In the entries below, find each line bearing the string "subseteq" and copy it.

(Data for processing Opens)

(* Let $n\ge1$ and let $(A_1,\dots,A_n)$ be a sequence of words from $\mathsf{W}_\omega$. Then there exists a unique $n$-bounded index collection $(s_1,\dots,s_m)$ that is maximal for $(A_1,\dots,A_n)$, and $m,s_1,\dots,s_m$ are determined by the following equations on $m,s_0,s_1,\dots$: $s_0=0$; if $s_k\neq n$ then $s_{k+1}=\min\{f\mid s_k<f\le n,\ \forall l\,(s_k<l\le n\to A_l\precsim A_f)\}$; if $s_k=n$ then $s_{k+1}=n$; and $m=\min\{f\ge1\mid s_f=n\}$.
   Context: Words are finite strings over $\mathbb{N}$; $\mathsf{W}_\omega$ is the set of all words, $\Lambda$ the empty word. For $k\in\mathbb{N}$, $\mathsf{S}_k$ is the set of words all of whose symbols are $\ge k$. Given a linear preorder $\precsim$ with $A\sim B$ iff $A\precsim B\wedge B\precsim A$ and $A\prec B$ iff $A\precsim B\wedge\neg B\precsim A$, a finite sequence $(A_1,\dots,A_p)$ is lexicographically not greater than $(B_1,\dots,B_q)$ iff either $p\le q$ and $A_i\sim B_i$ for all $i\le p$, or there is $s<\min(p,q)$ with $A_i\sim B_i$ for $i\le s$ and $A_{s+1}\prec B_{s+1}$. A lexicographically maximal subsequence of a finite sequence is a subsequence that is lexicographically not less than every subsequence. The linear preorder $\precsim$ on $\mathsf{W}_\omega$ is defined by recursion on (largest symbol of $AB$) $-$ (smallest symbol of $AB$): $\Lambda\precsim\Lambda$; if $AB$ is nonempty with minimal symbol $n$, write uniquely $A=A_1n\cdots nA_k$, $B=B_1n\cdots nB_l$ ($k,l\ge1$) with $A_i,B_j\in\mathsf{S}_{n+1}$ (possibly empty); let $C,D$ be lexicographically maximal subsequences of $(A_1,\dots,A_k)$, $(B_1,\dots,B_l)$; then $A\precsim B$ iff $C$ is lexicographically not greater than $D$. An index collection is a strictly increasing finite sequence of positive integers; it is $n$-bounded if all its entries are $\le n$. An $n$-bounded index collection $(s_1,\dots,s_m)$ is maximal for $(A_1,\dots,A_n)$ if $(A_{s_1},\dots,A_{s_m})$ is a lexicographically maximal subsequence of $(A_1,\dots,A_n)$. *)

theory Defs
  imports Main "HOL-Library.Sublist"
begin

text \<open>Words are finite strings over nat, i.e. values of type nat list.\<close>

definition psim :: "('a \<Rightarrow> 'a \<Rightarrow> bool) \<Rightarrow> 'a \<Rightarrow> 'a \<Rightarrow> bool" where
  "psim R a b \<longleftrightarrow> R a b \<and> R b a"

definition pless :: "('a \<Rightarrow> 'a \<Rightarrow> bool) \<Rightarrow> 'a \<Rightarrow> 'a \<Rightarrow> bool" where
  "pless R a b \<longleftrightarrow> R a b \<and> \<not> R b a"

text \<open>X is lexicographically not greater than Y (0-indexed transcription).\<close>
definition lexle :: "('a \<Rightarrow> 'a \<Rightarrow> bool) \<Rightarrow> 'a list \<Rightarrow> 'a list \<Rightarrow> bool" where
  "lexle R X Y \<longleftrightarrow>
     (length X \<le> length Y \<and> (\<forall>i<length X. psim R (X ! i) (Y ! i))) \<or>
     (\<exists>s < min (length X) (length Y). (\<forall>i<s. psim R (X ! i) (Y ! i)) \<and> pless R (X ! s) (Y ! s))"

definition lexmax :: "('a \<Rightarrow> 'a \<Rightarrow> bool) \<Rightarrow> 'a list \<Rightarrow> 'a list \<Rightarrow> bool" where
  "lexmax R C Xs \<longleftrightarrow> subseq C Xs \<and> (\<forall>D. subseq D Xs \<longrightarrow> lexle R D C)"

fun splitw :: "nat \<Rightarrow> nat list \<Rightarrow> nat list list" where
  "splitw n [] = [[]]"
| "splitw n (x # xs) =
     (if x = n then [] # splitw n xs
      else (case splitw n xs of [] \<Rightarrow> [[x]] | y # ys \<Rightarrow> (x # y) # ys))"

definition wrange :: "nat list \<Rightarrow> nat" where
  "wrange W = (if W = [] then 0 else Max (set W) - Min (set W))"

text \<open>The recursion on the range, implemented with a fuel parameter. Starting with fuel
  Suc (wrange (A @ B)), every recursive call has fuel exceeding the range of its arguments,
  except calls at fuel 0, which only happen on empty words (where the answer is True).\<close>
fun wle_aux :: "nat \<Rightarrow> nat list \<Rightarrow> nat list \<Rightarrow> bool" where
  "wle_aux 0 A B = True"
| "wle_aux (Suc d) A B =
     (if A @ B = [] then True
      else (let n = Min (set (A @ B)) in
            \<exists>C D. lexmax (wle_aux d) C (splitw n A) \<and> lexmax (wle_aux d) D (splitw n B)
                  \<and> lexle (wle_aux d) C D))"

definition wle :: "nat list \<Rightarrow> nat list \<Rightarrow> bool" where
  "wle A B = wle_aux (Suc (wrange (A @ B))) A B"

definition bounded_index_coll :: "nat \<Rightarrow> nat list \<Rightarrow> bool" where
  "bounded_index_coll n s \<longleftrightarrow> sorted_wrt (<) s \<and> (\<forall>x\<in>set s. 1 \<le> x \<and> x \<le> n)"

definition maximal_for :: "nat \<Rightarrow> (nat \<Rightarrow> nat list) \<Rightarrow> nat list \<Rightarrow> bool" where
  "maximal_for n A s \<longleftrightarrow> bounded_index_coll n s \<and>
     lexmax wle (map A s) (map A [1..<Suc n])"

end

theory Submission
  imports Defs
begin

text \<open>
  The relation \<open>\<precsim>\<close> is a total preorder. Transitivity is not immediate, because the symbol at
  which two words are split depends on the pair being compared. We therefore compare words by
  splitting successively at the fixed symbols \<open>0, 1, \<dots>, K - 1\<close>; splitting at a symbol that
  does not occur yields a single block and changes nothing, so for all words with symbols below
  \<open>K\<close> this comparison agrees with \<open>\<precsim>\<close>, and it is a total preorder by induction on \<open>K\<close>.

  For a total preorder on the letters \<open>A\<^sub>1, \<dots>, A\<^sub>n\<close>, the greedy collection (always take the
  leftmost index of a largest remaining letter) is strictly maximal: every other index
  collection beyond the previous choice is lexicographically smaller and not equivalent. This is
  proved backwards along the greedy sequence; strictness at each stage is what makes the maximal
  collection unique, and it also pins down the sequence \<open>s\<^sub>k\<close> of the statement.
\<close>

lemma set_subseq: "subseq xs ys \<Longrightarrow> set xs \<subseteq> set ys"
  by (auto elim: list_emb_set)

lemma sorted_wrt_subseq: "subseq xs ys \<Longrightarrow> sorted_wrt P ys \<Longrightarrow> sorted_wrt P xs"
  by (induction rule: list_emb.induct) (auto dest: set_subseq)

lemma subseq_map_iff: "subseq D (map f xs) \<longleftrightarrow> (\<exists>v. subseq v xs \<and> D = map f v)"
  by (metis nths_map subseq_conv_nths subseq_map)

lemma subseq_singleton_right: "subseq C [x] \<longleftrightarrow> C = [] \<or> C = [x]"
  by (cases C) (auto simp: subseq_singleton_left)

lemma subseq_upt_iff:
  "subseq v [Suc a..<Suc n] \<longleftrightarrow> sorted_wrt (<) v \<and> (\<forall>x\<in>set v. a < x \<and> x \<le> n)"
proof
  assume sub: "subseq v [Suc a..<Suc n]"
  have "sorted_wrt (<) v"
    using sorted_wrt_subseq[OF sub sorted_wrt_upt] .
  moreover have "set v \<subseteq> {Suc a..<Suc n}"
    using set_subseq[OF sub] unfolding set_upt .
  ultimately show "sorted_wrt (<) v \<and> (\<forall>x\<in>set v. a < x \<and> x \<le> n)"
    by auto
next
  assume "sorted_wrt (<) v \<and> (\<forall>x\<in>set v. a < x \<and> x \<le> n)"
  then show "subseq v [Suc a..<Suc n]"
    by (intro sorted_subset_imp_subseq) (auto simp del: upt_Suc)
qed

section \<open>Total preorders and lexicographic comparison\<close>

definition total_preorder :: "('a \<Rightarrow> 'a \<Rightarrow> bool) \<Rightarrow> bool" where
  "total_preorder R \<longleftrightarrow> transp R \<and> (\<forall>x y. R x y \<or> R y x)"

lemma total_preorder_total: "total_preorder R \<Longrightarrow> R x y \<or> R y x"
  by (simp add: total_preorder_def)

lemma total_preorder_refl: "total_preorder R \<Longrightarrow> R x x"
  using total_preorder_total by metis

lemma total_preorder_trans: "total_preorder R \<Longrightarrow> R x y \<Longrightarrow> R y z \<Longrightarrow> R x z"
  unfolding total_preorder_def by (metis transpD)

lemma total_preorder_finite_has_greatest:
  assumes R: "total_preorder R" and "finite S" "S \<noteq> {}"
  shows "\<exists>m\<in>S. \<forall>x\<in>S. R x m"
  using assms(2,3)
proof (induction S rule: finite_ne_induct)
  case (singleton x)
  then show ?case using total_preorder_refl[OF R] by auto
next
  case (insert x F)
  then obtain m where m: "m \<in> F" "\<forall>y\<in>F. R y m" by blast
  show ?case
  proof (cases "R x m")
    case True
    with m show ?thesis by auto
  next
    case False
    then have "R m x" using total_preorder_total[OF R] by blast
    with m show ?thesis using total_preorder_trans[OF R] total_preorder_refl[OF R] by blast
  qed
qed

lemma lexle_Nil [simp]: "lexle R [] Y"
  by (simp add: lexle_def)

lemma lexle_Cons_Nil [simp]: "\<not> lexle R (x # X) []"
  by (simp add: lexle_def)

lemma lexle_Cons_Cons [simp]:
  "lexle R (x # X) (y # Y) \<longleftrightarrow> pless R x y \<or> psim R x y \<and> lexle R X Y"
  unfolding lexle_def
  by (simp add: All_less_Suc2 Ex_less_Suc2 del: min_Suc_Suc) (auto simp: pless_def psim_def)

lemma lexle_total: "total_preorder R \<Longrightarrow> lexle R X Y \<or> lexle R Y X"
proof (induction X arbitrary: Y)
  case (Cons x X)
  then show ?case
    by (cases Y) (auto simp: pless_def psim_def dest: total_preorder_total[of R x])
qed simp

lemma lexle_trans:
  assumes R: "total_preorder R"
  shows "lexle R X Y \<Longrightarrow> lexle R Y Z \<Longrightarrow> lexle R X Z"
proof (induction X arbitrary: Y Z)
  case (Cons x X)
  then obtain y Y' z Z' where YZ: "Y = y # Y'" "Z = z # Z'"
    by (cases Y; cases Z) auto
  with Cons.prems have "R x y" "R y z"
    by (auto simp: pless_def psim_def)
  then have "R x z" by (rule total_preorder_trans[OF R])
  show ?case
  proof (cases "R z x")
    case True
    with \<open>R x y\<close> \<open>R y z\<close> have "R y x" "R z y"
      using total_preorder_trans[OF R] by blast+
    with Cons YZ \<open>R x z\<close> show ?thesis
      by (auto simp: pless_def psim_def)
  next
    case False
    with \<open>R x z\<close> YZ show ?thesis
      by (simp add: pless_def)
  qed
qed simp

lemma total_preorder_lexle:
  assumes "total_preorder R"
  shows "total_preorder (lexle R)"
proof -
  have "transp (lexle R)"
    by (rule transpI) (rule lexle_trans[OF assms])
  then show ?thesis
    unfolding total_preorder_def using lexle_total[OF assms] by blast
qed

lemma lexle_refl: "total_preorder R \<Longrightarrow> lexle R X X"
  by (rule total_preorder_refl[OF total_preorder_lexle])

(Data for processing Closes)

*Result*.
lemma set_subseq: "subseq xs ys \<Longrightarrow> set xs \<subseteq> set ys"
  moreover have "set v \<subseteq> {Suc a..<Suc n}"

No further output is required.